Kuthiathode is a gram panchayat in Alappuzha district in the Indian state of Kerala. It is only 20 minutes from Kochi city.

==Geography==
The Kuthiathode or river stream, was once the major waterway for transporting goods to the local market from Kochi via the Vembanad lake.

==History==
The name Kuthiathode comes from Kuthia (dug)+ thode (canal) means a dug-canal.

The Panchayat has a Gandhi memorial inside its office dedicated to Mahathma Gandhi who visited this place during the Pre-Independence period.

==Demographics==
As of 2011 India census, Kuthiathode had a population of 23,669 with 11,483 males and 12,186 females.
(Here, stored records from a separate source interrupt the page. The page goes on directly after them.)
lemma similar_mat_wit_poly_mat:
  assumes AB: "similar_mat_wit A B P Q" and A: "A \<in> carrier_mat n n"
  shows "similar_mat_wit (poly_mat n p A) (poly_mat n p B) P Q"
proof (induct p rule: pCons_induct)
  case 0
  show ?case
    using similar_mat_wit_0[OF AB A] by simp
next
  case (pCons a p)
  have B: "B \<in> carrier_mat n n"
    using similar_mat_witD2[OF A AB] by simp
  have "similar_mat_wit (a \<cdot>\<^sub>m 1\<^sub>m n) (a \<cdot>\<^sub>m 1\<^sub>m n) P Q"
    by (rule similar_mat_wit_smult[OF similar_mat_wit_1[OF AB A]])
  moreover have "similar_mat_wit (A * poly_mat n p A) (B * poly_mat n p B) P Q"
    by (rule similar_mat_wit_mult[OF AB pCons(2)])
  ultimately show ?case
    unfolding poly_mat_pCons[OF A] poly_mat_pCons[OF B] by (rule similar_mat_wit_add)
qed

lemma similar_mat_wit_eq_iff:
  assumes "similar_mat_wit A B P Q" and "similar_mat_wit A' B' P Q"
  shows "A = A' \<longleftrightarrow> B = B'"
  using similar_mat_witD[OF refl assms(1)] similar_mat_witD[OF refl assms(2)]
    similar_mat_witD[OF refl similar_mat_wit_sym[OF assms(1)]]
    similar_mat_witD[OF refl similar_mat_wit_sym[OF assms(2)]]
  by metis

lemma mat_trace_smult: "X \<in> carrier_mat n n \<Longrightarrow> mat_trace (c \<cdot>\<^sub>m X) = c * mat_trace X"
  by (simp add: mat_trace_def sum_distrib_left)

lemma mat_trace_mult_commute:
  assumes X: "X \<in> carrier_mat n m" and Y: "Y \<in> carrier_mat m n"
  shows "mat_trace (X * Y) = mat_trace (Y * X)"
proof -
  have "mat_trace (X * Y) = (\<Sum>i<n. \<Sum>k<m. X $$ (i, k) * Y $$ (k, i))"
    using X Y by (simp add: mat_trace_def scalar_prod_def atLeast0LessThan)
  also have "\<dots> = (\<Sum>k<m. \<Sum>i<n. Y $$ (k, i) * X $$ (i, k))"
    by (subst sum.swap) (simp add: ac_simps)
  also have "\<dots> = mat_trace (Y * X)"
    using X Y by (simp add: mat_trace_def scalar_prod_def atLeast0LessThan)
  finally show ?thesis .
qed

lemma mat_trace_similar:
  assumes AB: "similar_mat_wit A B P Q"
  shows "mat_trace A = mat_trace B"
proof -
  define n where "n = dim_row A"
  note s = similar_mat_witD[OF n_def AB]
  have "mat_trace A = mat_trace (Q * (P * B))"
    unfolding s(3) by (rule mat_trace_mult_commute) (use s in auto)
  also have "Q * (P * B) = B"
    using s by (simp add: assoc_mult_mat[symmetric, of Q n n P n B n])
  finally show ?thesis .
qed

definition matrix_unit :: "nat \<Rightarrow> nat \<Rightarrow> nat \<Rightarrow> 'a :: zero_neq_one mat" where
  "matrix_unit n i j = mat n n (\<lambda>(r, c). if r = i \<and> c = j then 1 else 0)"

lemma matrix_unit_carrier [simp]: "matrix_unit n i j \<in> carrier_mat n n"
  by (simp add: matrix_unit_def)

lemma index_matrix_unit [simp]:
  "r < n \<Longrightarrow> c < n \<Longrightarrow> matrix_unit n i j $$ (r, c) = (if r = i \<and> c = j then 1 else 0)"
  "dim_row (matrix_unit n i j) = n" "dim_col (matrix_unit n i j) = n"
  by (simp_all add: matrix_unit_def)

lemma matrix_unit_mult:
  fixes X :: "'a :: semiring_1 mat"
  assumes "X \<in> carrier_mat n n" and "i < n" and "j < n"
  shows "matrix_unit n i j * X = mat n n (\<lambda>(r, c). if r = i then X $$ (j, c) else 0)"
  by (rule eq_matI)
    (use assms in \<open>auto simp: scalar_prod_def if_distrib[of "\<lambda>z. z * _"] cong: if_cong\<close>)

lemma mult_matrix_unit:
  fixes X :: "'a :: semiring_1 mat"
  assumes "X \<in> carrier_mat n n" and "i < n" and "j < n"
  shows "X * matrix_unit n i j = mat n n (\<lambda>(r, c). if c = j then X $$ (r, i) else 0)"
  by (rule eq_matI)
    (use assms in \<open>auto simp: scalar_prod_def if_distrib[of "\<lambda>z. _ * z"] cong: if_cong\<close>)

lemma matrix_unit_mult_matrix_unit:
  fixes X :: "'a :: semiring_1 mat"
  assumes "X \<in> carrier_mat n n" and "i < n" and "j < n"
  shows "matrix_unit n i i * X * matrix_unit n j j = X $$ (i, j) \<cdot>\<^sub>m matrix_unit n i j"
  using assms by (auto simp: matrix_unit_mult mult_matrix_unit intro!: eq_matI)

lemma index_mult_matrix_unit_mult:
  fixes X Y :: "'a :: semiring_1 mat"
  assumes "X \<in> carrier_mat n n" and "Y \<in> carrier_mat n n" and "j < n" and "k < n"
    and "r < n" and "c < n"
  shows "(X * matrix_unit n j k * Y) $$ (r, c) = X $$ (r, j) * Y $$ (k, c)"
  using assms
  by (auto simp: mult_matrix_unit scalar_prod_def if_distrib[of "\<lambda>z. z * _"] cong: if_cong)

lemma smult_matrix_unit_eq_0_iff:
  fixes c :: "'a :: semiring_1"
  assumes "i < n" and "j < n"
  shows "c \<cdot>\<^sub>m matrix_unit n i j = 0\<^sub>m n n \<longleftrightarrow> c = 0"
proof
  assume "c \<cdot>\<^sub>m matrix_unit n i j = 0\<^sub>m n n"
  then have "(c \<cdot>\<^sub>m matrix_unit n i j) $$ (i, j) = 0"
    using assms by simp
  then show "c = 0"
    using assms by simp
qed (auto intro!: eq_matI)

lemma mat_trace_matrix_unit_mult:
  fixes X :: "'a :: comm_ring_1 mat"
  assumes "X \<in> carrier_mat n n" and "i < n" and "j < n"
  shows "mat_trace (matrix_unit n i j * X) = X $$ (j, i)"
  using assms by (simp add: matrix_unit_mult mat_trace_def)

section \<open>Primitive idempotents\<close>

lemma smult_mat_mult_mat_vec:
  fixes F :: "'a :: comm_semiring_0 mat"
  assumes "F \<in> carrier_mat n m" and "v \<in> carrier_vec m"
  shows "(c \<cdot>\<^sub>m F) *\<^sub>v v = c \<cdot>\<^sub>v (F *\<^sub>v v)"
  by (rule eq_vecI) (use assms in \<open>auto simp: scalar_prod_def sum_distrib_left ac_simps\<close>)

lemma foldr_shifted_carrier:
  assumes "M \<in> carrier_mat n n"
  shows "foldr (\<lambda>j B. (M - \<theta> j \<cdot>\<^sub>m 1\<^sub>m n) * B) ks (1\<^sub>m n) \<in> carrier_mat n n"
  by (induct ks) (use assms in auto)

lemma prim_idem_carrier [simp]:
  assumes "M \<in> carrier_mat (Suc d) (Suc d)"
  shows "prim_idem d M \<theta> i \<in> carrier_mat (Suc d) (Suc d)"
  unfolding prim_idem_def by (intro smult_carrier_mat foldr_shifted_carrier assms)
The population consists of Ezhavas, Nairs, Nampoothiris, Gouda Saraswat Brahmins, Tamil Brahmins, Pulayas, Kudumbis, Muslims, and Christians living harmoniously together.

==Administration==
Kuthiathode is under the Pattanakkad development block.
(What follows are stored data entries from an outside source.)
lemma card_ge_mult_card_fibres:
  assumes "finite A" and "\<And>b. b \<in> B \<Longrightarrow> m \<le> card {a \<in> A. f a = b}"
  shows "card B * m \<le> card A"
proof (cases "finite B")
  case True
  have "card B * m = (\<Sum>b\<in>B. m)"
    by simp
  also have "\<dots> \<le> (\<Sum>b\<in>B. card {a \<in> A. f a = b})"
    using assms(2) by (rule sum_mono)
  also have "\<dots> = card (\<Union>b\<in>B. {a \<in> A. f a = b})"
    using True \<open>finite A\<close> by (intro card_UN_disjoint[symmetric]) auto
  also have "\<dots> \<le> card A"
    using \<open>finite A\<close> by (intro card_mono) auto
  finally show ?thesis .
qed simp

section \<open>Cosets of index prime to \<open>p\<close>\<close>

lemma (in comm_group) pow_decomposition_coprime_index:
  assumes H: "subgroup H G" and cop: "coprime (card (rcosets H)) p" and x: "x \<in> carrier G"
  shows "\<exists>h\<in>H. \<exists>y\<in>carrier G. x = h \<otimes> y [^] p"
proof -
  interpret normal H G
    using subgroup_imp_normal[OF H] .
  interpret F: group "G Mod H"
    by (rule factorgroup_is_group)
  let ?c = "H #> x"
  have c: "?c \<in> carrier (G Mod H)"
    using x by (auto simp: FactGroup_def RCOSETS_def)
  \<comment> \<open>\<open>p\<close> is invertible modulo the order of \<open>G/H\<close>, so the coset \<open>Hx\<close> is a \<open>p\<close>-th power.\<close>
  obtain a where a: "[p * a = 1] (mod card (rcosets H))"
    using cong_solve_coprime_nat cop by (metis coprime_commute One_nat_def)
  have "F.ord ?c dvd card (rcosets H)"
    using F.ord_dvd_group_order[OF c] by (simp add: order_def FactGroup_def)
  then have "[int (p * a) = int 1] (mod int (F.ord ?c))"
    using a cong_dvd_modulus_nat cong_int_iff by blast
  then have "?c [^]\<^bsub>G Mod H\<^esub> int 1 = ?c [^]\<^bsub>G Mod H\<^esub> int (p * a)"
    using F.int_pow_eq[OF c] by (simp only: cong_iff_dvd_diff)
  then have "?c [^]\<^bsub>G Mod H\<^esub> (p * a) = ?c"
    by (metis int_pow_int F.nat_pow_eone c)
  moreover have "?c [^]\<^bsub>G Mod H\<^esub> k = H #> x [^] k" for k :: nat
    using hom_nat_pow[OF r_coset_hom_Mod x is_group F.is_group] by simp
  ultimately have "H #> (x [^] a) [^] p = H #> x"
    by (simp add: nat_pow_pow x mult.commute)
  then have "x \<in> H #> (x [^] a) [^] p"
    using rcos_self[OF x H] by simp
  then show ?thesis
    using x unfolding r_coset_def by blast
qed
Kuthiathode, Vallethode, Parayakad, Nallukulanagara, Pallithode, Chapakadavu, Tirumalabhagom, Thazhuppu, Thuravoor North, and Valamangalam North are the local areas under the panchayat.

The panchayat office has a library and a community hall. The Kuthiathode village office, Krishi Bhavan office, government veterinary clinic, excise range office, BSNL telephone exchange and sub-treasury are also located in Kuthiathode.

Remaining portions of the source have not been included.